The bottom line is that your AI acts as an automated media production coordinator for all your speech and transcription needs.

1. First, you subscribe to this MCP and grab your specific API Key from the Deepgram console.
2. Second, you tell your AI client what you want—maybe 'transcribe this URL' or 'make audio of this text.'
3. The MCP executes the task, returning either a formatted transcript or a finished audio media file directly to your agent.

## Frequently Asked Questions

**How do I use `transcribe_audio_url`?**
You provide a public URL pointing to the audio or video. The MCP then fetches that content and converts the speech into formatted text, giving you diarization details.

**What is the difference between `list_available_models` and using them?**
`list_available_models` just shows what models exist. You run a conversion job (like transcription) and specify which model name you want to use for that specific task.

**Does `convert_text_to_speech` require me to upload files?**
No, it just needs the text. You pass the plain string of characters directly to your agent, and the MCP handles generating the audio media file for you.

**How do I check my API quotas using `get_project_usage`?**
You simply ask your agent to run `get_project_usage`. It returns a simple breakdown of how many minutes and requests you've already used in the current cycle.

**How do I use `list_api_keys` to check my active Deepgram credentials?**
It retrieves a list of all current API keys tied to your account. This is essential for security, letting you verify which identifiers are authorized and ensuring you don't accidentally run jobs using deprecated or inactive keys.
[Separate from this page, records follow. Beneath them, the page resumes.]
lemma noniso_lollipops_card:
  assumes D: "1 \<le> D" "D < n"
  shows "\<exists>S \<subseteq> lollipops n D. finite S \<and>
           (\<forall>G\<in>S. \<forall>H\<in>S. G \<noteq> H \<longrightarrow> \<not> port_iso n G H) \<and>
           card S = fact (n - D - 1) ^ (n - D)"
proof -
  define k where "k = n - D"
  define F where "F s = (lol_edge n D, lol_port n D (candy_numbering k s))" for s
  define S where "S = F ` port_permutations k"
  have inj: "inj_on F (port_permutations k)"
  proof (rule inj_onI)
    fix s t
    assume s: "s \<in> port_permutations k" and t: "t \<in> port_permutations k" and "F s = F t"
    then have "\<forall>i<k. \<forall>j<k. i \<noteq> j \<longrightarrow> candy_numbering k s i j = candy_numbering k t i j"
      using lol_port_eq_iff[OF D(1)] unfolding F_def k_def by simp
    then show "s = t" using candy_numbering_eqD[OF s t] by blast
  qed
  have card: "card S = fact (k - 1) ^ k"
    unfolding S_def card_image[OF inj] by (rule card_port_permutations)
  have "S \<subseteq> lollipops n D"
    unfolding S_def F_def lollipops_def k_def
    using valid_candy_ports_candy_numbering by blast
  moreover have "\<not> port_iso n G H" if G: "G \<in> S" and H: "H \<in> S" and "G \<noteq> H" for G H
  proof (cases "3 \<le> k")
    case True
    obtain s t where s: "s \<in> port_permutations k" "G = F s"
      and t: "t \<in> port_permutations k" "H = F t"
      using G H unfolding S_def by blast
    show ?thesis
    proof
      assume "port_iso n G H"
      then have "lol_port n D (candy_numbering k s) = lol_port n D (candy_numbering k t)"
        using port_iso_lollipops_imp_eq[OF _ D(1)] valid_candy_ports_candy_numbering[OF s(1)]
          valid_candy_ports_candy_numbering[OF t(1)] True s(2) t(2)
        unfolding F_def k_def by blast
      then show False using \<open>G \<noteq> H\<close> s(2) t(2) unfolding F_def by simp
    qed
  next
    case False
    then have "k - 1 = 0 \<or> k - 1 = 1" by linarith
    then have "fact (k - 1) = (1::nat)" by auto
    then have "card S = 1" using card by simp
    then show ?thesis using G H \<open>G \<noteq> H\<close> by (auto simp: card_Suc_eq)
  qed
  moreover have "finite S" unfolding S_def using finite_port_permutations by blast
  ultimately show ?thesis using card unfolding k_def by blast
qed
**What information does `list_deepgram_projects` provide?**
This function lists every project associated with your Deepgram account. You need this list to correctly reference a specific project ID when running complex operations, such as checking usage or transcribing audio for that defined scope.

**When listing models using `list_available_models`, what criteria should I use?**
The tool returns model names and capabilities. You must check the descriptions to select a model optimized for your specific content—for instance, picking one that handles speaker diarization or particular accents will maximize accuracy.

**Can `convert_text_to_speech` handle generating multiple audio files from different inputs?**
Yes. You provide the text and specify output parameters like voice type and format. By looping this call through your agent, you can efficiently generate large batches of synthetic speech assets for various use cases.

**How do I get a Deepgram API Key?**
Log in to the Deepgram Console, navigate to the **API Keys** section, and create a new key with the necessary permissions.

**What is the Nova-3 model?**
Nova-3 is Deepgram's latest state-of-the-art transcription model, offering unmatched speed and accuracy for real-world audio.

**Can I synthesize speech in different voices?**
Yes! The `convert_text_to_speech` tool allows you to specify models like `aura-asteria-en` or `aura-orion-en` for different vocal profiles.